EL SUEÑO DE LA SIRENA

Sirena (de Odisea)

Amara atraída por el canto de los pájaros

asciende a la superficie como cada atardecer. Ninguna fluorescencia marina, ningún pez colorido le produce tanto gozo y tanta nostalgia de lo imposible como la luz de la luna reverberando sobre las olas y los cientos de lucecitas parpadeando sobre la montaña del templo, y las ventanas de las casas esparcidas sobre la tierra. Sentada sobre una roca se deja llevar por el titilar, hasta que sus ojos posados en la gran ciudad le cuentan de cosas que no ven, de sueños desconocidos, de ansias insatisfechas eternamente.

El viento agita su cabellera que ondula en el espacio como alas de pájaro, la luna la tiñe de anhelos argentos que brotan en canto, en grito, en desgarro, un ruego.

Amara roza con su mano las escamas de su cola de pez, y sus pechos hambrientos de caricias distintas, secas, terrosas, se estremecen frustrados, alejándose, si esto fuera posible, de la humedad constante que la envuelve como cuna y tumba a su existencia.

Amara alza una vez más los ojos y se prohíbe todo llanto, ¡no creará más agua para el océano que la mantiene prisionera! Criatura de aire y de mar, doble identidad que combate en sí misma, La roca es su límite, ombligo que articula realidad y sueño.

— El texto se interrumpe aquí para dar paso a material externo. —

lemma two_coloured_connected_matching:
  assumes "finite V" "edges_on V R" "edges_on V B" "V \<noteq> {}"
    and "\<forall>x\<in>V. real (card (non_neighbours (R \<union> B) V x)) \<le> a"
  shows "(\<exists>M. connected_matching V R M \<and> real (card (\<Union>M)) \<ge> 2/3 * real (card V) - 4*a - 2) \<or>
         (\<exists>M. connected_matching V B M \<and> real (card (\<Union>M)) \<ge> 2/3 * real (card V) - 4*a - 2)"
proof (cases "\<exists>w\<in>V. real (card (V - component R V w)) \<le> 2 * a")
  case True
  then obtain w where "w \<in> V" and small: "real (card (V - component R V w)) \<le> 2 * a" by blast
  let ?W = "component R V w"
  have W: "?W \<subseteq> V" "w \<in> ?W" "\<forall>x\<in>?W. (w, x) \<in> (adj R)\<^sup>*"
    using self_in_component[OF \<open>w \<in> V\<close>] unfolding component_def by auto
  have "\<forall>x\<in>?W. real (card (non_neighbours (R \<union> B) ?W x)) \<le> a"
    using assms(5) card_non_neighbours_mono[OF assms(1) W(1) order_refl] W(1)
    by (meson of_nat_le_iff order_trans subsetD)
  note matching = connected_matching_in_connected_set[OF assms(1,2) W this]
  have "real (card V) = real (card ?W) + real (card (V - ?W))"
    using real_card_Diff[OF assms(1)] W(1) by (simp add: Int_absorb1)
  then have "2/3 * real (card ?W) - 2*a - 2 \<ge> 2/3 * real (card V) - 4*a - 2"
    using small by linarith
  then show ?thesis using matching by (meson order_trans)
next
  case False
  obtain w where "w \<in> V" using assms(4) by blast
  have "a \<ge> 0" using assms(5) \<open>w \<in> V\<close> by (meson of_nat_0_le_iff order_trans)
  have "\<forall>x\<in>V. (w, x) \<in> (adj B)\<^sup>*"
    using connected_if_components_small[OF assms(1,5)] False \<open>w \<in> V\<close> by (simp add: not_le)
  moreover have "\<forall>x\<in>V. real (card (non_neighbours (B \<union> R) V x)) \<le> a"
    using assms(5) by (simp add: Un_commute)
  ultimately have "(\<exists>M. connected_matching V B M \<and> real (card (\<Union>M)) \<ge> 2/3 * real (card V) - 2*a - 2) \<or>
      (\<exists>M. connected_matching V R M \<and> real (card (\<Union>M)) \<ge> 2/3 * real (card V) - 2*a - 2)"
    using connected_matching_in_connected_set[OF assms(1,3) order_refl \<open>w \<in> V\<close>] by blast
  moreover have "2/3 * real (card V) - 2*a - 2 \<ge> 2/3 * real (card V) - 4*a - 2" using \<open>a \<ge> 0\<close> by simp
  ultimately show ?thesis by (meson order_trans)
qed
lemma mem_below_points:
  assumes "p \<in> below_points R V i j"
  shows "p \<in> V" "p \<in> disk R" "p \<in> sector R i j" "R - 2 * (real i + 1) * ln 2 \<le> fst p"
proof -
  obtain i' j' where p: "p \<in> V" "i' \<le> i" "tile R i' j' \<subseteq> sector R i j" "p \<in> tile R i' j'"
    using assms unfolding below_points_def below_def by blast
  then show "p \<in> V" "p \<in> sector R i j"
    by blast+
  have "R - 2 * (real i + 1) * ln 2 \<le> R - 2 * (real i' + 1) * ln 2"
    using p(2) by simp
  moreover have "R - 2 * (real i' + 1) * ln 2 \<le> fst p" "p \<in> disk R"
    using p(4) unfolding mem_tile by blast+
  ultimately show "p \<in> disk R" "R - 2 * (real i + 1) * ln 2 \<le> fst p"
    by linarith+
qed

lemma tile_subset_below_points: "admissible R i j \<Longrightarrow> V \<inter> tile R i j \<subseteq> below_points R V i j"
  unfolding below_points_def below_def tile_def by blast

lemma below_points_mono:
  assumes "i \<le> i2" "sector R i j \<subseteq> sector R i2 j2"
  shows "below_points R V i j \<subseteq> below_points R V i2 j2"
  using assms unfolding below_points_def below_def by fastforce

lemma tile_same_level: "p \<in> tile R i j' \<Longrightarrow> p \<in> sector R i j \<Longrightarrow> p \<in> tile R i j"
  using sector_unique unfolding mem_tile by blast

lemma below_points_0: "admissible R 0 j \<Longrightarrow> below_points R V 0 j = V \<inter> tile R 0 j"
  using tile_subset_below_points[of R 0 j V] tile_same_level[of _ R 0]
  unfolding below_points_def below_def by blast
lemma emeasure_mixL:
  assumes "finite I" "\<And>l. l \<in> I \<Longrightarrow> sets (q l) = sets borel" "S \<in> sets borel"
  shows "emeasure (mixL I w q) S = (\<Sum>l\<in>I. ennreal (w l) * emeasure (q l) S)"
  unfolding mixL_def
proof (rule emeasure_measure_of_sigma)
  show "sigma_algebra UNIV (sets borel)"
    by (metis sets.sigma_algebra_axioms space_borel)
  show "positive (sets borel) (\<lambda>A. \<Sum>l\<in>I. ennreal (w l) * emeasure (q l) A)"
    unfolding positive_def by simp
  show "countably_additive (sets borel) (\<lambda>A. \<Sum>l\<in>I. ennreal (w l) * emeasure (q l) A)"
    unfolding countably_additive_def
  proof (intro allI impI)
    fix A :: "nat \<Rightarrow> 'a set"
    assume A: "range A \<subseteq> sets borel" "disjoint_family A"
    have "(\<Sum>i. \<Sum>l\<in>I. ennreal (w l) * emeasure (q l) (A i))
        = (\<Sum>l\<in>I. \<Sum>i. ennreal (w l) * emeasure (q l) (A i))"
      by (rule suminf_sum) (rule summableI)
    also have "\<dots> = (\<Sum>l\<in>I. ennreal (w l) * emeasure (q l) (\<Union>i. A i))"
    proof (rule sum.cong[OF refl])
      fix l assume "l \<in> I"
      then have "range A \<subseteq> sets (q l)" using A assms(2) by auto
      then show "(\<Sum>i. ennreal (w l) * emeasure (q l) (A i)) = ennreal (w l) * emeasure (q l) (\<Union>i. A i)"
        using suminf_emeasure[of A "q l"] A by simp
    qed
    finally show "(\<Sum>i. \<Sum>l\<in>I. ennreal (w l) * emeasure (q l) (A i)) =
       (\<Sum>l\<in>I. ennreal (w l) * emeasure (q l) (\<Union> (range A)))" .
  qed
qed (fact)
(* Let $\delta$ be an ordinal with $\mathrm{cf}(\omega^\delta)=\kappa\ge\omega$, and suppose $\omega^\delta=\sum_{\xi<\kappa}\omega^{\delta_\xi}$, where $\delta_\xi\le\delta_\zeta$ whenever $\xi<\zeta<\kappa$, and $\mathrm{cf}(\omega^{\delta_\xi})\ge\kappa$ for all $\xi<\kappa$. Then $\mathcal P_\kappa\hookrightarrow_c\mathrm{sq}\,\mathbb P(\omega^\delta)$.
   Context: $\mathbb P(\omega^\delta)$ is the poset of subsets of $\omega^\delta$ order-isomorphic to $\omega^\delta$, ordered by $\subset$; $\mathrm{sq}$ denotes separative quotient (antisymmetric quotient of the separative modification $p\le^*q\iff\forall r\le p\,\exists s\le r\, s\le q$). For a cardinal $\kappa$, $\mathcal P_\kappa=(P(\kappa)/[\kappa]^{<\kappa})^+$, the nonzero elements of the quotient of $P(\kappa)$ by the ideal of subsets of size $<\kappa$. A map $f:\mathbb P\to\mathbb Q$ between preorders is a complete embedding ($\hookrightarrow_c$) iff (1) $p_1\le p_2\Rightarrow f(p_1)\le f(p_2)$; (2) $p_1\perp p_2\iff f(p_1)\perp f(p_2)$; (3) for every $q\in\mathbb Q$ there is $p\in\mathbb P$ such that $f(p')$ is compatible with $q$ for all $p'\le p$. $\mathbb P\hookrightarrow_c\mathbb Q$ means such an $f$ exists. *)

theory Defs
  imports Main
begin

(* Ordinals are represented as well-order relations (Well_order, from Main);
   ordinal comparison is ordLeq / ordLess / ordIso, cardinals are card_of,
   and a cardinal kappa is a Card_order (initial ordinal) k with Field k = kappa. *)

section \<open>Ordinal exponentiation omega^d (finite-support functions, Cantor normal form)\<close>

definition opow_carrier :: "'a rel \<Rightarrow> ('a \<Rightarrow> nat) set" where
  "opow_carrier d = {f. (\<forall>x. x \<notin> Field d \<longrightarrow> f x = 0) \<and> finite {x. f x \<noteq> 0}}"

definition opow :: "'a rel \<Rightarrow> ('a \<Rightarrow> nat) rel" where
  "opow d = {(f, g). f \<in> opow_carrier d \<and> g \<in> opow_carrier d \<and>
      (f = g \<or> (\<exists>x. f x < g x \<and> (\<forall>y. f y \<noteq> g y \<longrightarrow> (y, x) \<in> d)))}"

definition osum :: "'k rel \<Rightarrow> ('k \<Rightarrow> 'b rel) \<Rightarrow> ('k \<times> 'b) rel" where
  "osum k r = {((i, x), (j, y)). i \<in> Field k \<and> j \<in> Field k \<and> x \<in> Field (r i) \<and> y \<in> Field (r j) \<and>
      ((i \<noteq> j \<and> (i, j) \<in> k) \<or> (i = j \<and> (x, y) \<in> r i))}"

definition cofinal :: "'a rel \<Rightarrow> 'a set \<Rightarrow> bool" where
  "cofinal r A \<longleftrightarrow> A \<subseteq> Field r \<and> (\<forall>a \<in> Field r. \<exists>b \<in> A. (a, b) \<in> r)"

definition cof_ge :: "'a rel \<Rightarrow> 'k rel \<Rightarrow> bool" where
  "cof_ge r k \<longleftrightarrow> (\<forall>A. cofinal r A \<longrightarrow> (k, card_of A) \<in> ordLeq)"

definition cof_eq :: "'a rel \<Rightarrow> 'k rel \<Rightarrow> bool" where
  "cof_eq r k \<longleftrightarrow> cof_ge r k \<and> (\<exists>A. cofinal r A \<and> (card_of A, k) \<in> ordIso)"

definition compat :: "'x set \<Rightarrow> ('x \<Rightarrow> 'x \<Rightarrow> bool) \<Rightarrow> 'x \<Rightarrow> 'x \<Rightarrow> bool" where
  "compat P le p q \<longleftrightarrow> (\<exists>r \<in> P. le r p \<and> le r q)"

definition sep_le :: "'x set \<Rightarrow> ('x \<Rightarrow> 'x \<Rightarrow> bool) \<Rightarrow> 'x \<Rightarrow> 'x \<Rightarrow> bool" where
  "sep_le P le p q \<longleftrightarrow> (\<forall>r \<in> P. le r p \<longrightarrow> (\<exists>s \<in> P. le s r \<and> le s q))"

definition aquot :: "'x set \<Rightarrow> ('x \<Rightarrow> 'x \<Rightarrow> bool) \<Rightarrow> 'x set set" where
  "aquot P le = {{y \<in> P. le x y \<and> le y x} | x. x \<in> P}"
(* $\mathrm{HS}_{\mathsf{lin}}$ and $\mathrm{HS}_{\mathsf{st}}$ are expressively incomparable, and so are $\mathrm{HS}_{\mathsf{lin}}$ and $\mathrm{HS}_{\mathsf{ct}}$.
   Context: A Kripke structure over a finite set $\mathcal{AP}$ is $K=(\mathcal{AP},S,\delta,\mu,s_0)$ with states $S$, left-total $\delta\subseteq S\times S$, labelling $\mu:S\to2^{\mathcal{AP}}$, initial state $s_0$; finite if $S$ is finite. An infinite path is an infinite state sequence following $\delta$; a trace is a non-empty finite prefix of one; initial means starting at $s_0$. For a finite word $w=w(0)\cdots w(n)$, $\mathrm{Pref}(w)=\{w[0,i]\mid 0\le i\le n-1\}$, $\mathrm{Suff}(w)=\{w[i,n]\mid 1\le i\le n\}$. The computation tree $C(K)$ has as states the initial traces of $K$, initial state $s_0$, labelling $\rho\mapsto\mu(\text{last state of }\rho)$, transitions $(\rho,\rho\cdot s)$. $\mathrm{HS}$ formulas: $\psi::=p\mid\neg\psi\mid\psi\wedge\psi\mid\langle X\rangle\psi$ for the Allen relations $A,L,B,E,D,O$ and inverses; all modalities are definable (non-strict semantics) from $\langle B\rangle,\langle E\rangle,\langle\bar B\rangle,\langle\bar E\rangle$. State-based: over traces of $K$, $\rho\models p$ iff $p\in\mu(s)$ for every state $s$ of $\rho$; $\rho\models\langle B\rangle\psi$ iff some $\rho'\in\mathrm{Pref}(\rho)$ satisfies $\psi$; $\rho\models\langle E\rangle\psi$ iff some $\rho'\in\mathrm{Suff}(\rho)$ does; $\rho\models\langle\bar B\rangle\psi$ iff some trace $\rho'$ with $\rho\in\mathrm{Pref}(\rho')$ does; $\rho\models\langle\bar E\rangle\psi$ iff some trace $\rho'$ with $\rho\in\mathrm{Suff}(\rho')$ does. $K\models_{\mathsf{st}}\psi$ iff every initial trace satisfies $\psi$. Computation-tree-based: $K\models_{\mathsf{ct}}\psi$ iff $C(K)\models_{\mathsf{st}}\psi$. Trace-based: for an infinite path $\pi$, intervals $[i,j]$, $0\le i\le j$; $[i,j]\models p$ iff $p\in\mu(\pi(h))$ for all $i\le h\le j$; $[x,y]\models\langle B\rangle\psi$ iff $[x,z]\models\psi$ for some $x\le z<y$; $\langle E\rangle$: $[v,y]$ for some $x<v\le y$; $\langle\bar B\rangle$: $[x,z]$ for some $z>y$; $\langle\bar E\rangle$: $[v,y]$ for some $v<x$. $K\models_{\mathsf{lin}}\psi$ iff for every initial infinite path $\pi$ and $i\ge0$, $[0,i]\models\psi$ in $\pi$. $\mathrm{HS}_{\mathsf{st}},\mathrm{HS}_{\mathsf{ct}},\mathrm{HS}_{\mathsf{lin}}$ denote $\mathrm{HS}$ under these semantics. Expressiveness: $\varphi_1\in L_1$, $\varphi_2\in L_2$ are equivalent if for every finite Kripke structure $K$, $K$ is a model of $\varphi_1$ in $L_1$ iff of $\varphi_2$ in $L_2$; $L_1\ge L_2$ if every $L_2$ formula has an equivalent $L_1$ formula; $L_1,L_2$ are expressively incomparable if $L_1\not\ge L_2$ and $L_2\not\ge L_1$. *)

theory Defs
  imports Main
begin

La luna llena ilumina su rostro enfurecido y Amara la enfrenta lanzando un juramento: su hija no quedará sometida a las leyes arbitrarias del océano, será hija del aire, de los vientos, de la tierra y alcanzarán sus manos las luces que nunca se encuentran en las aguas, pues son luces humanas.

Amara regresa a su sitio y espera. Espera el día en que pueda cumplir su promesa.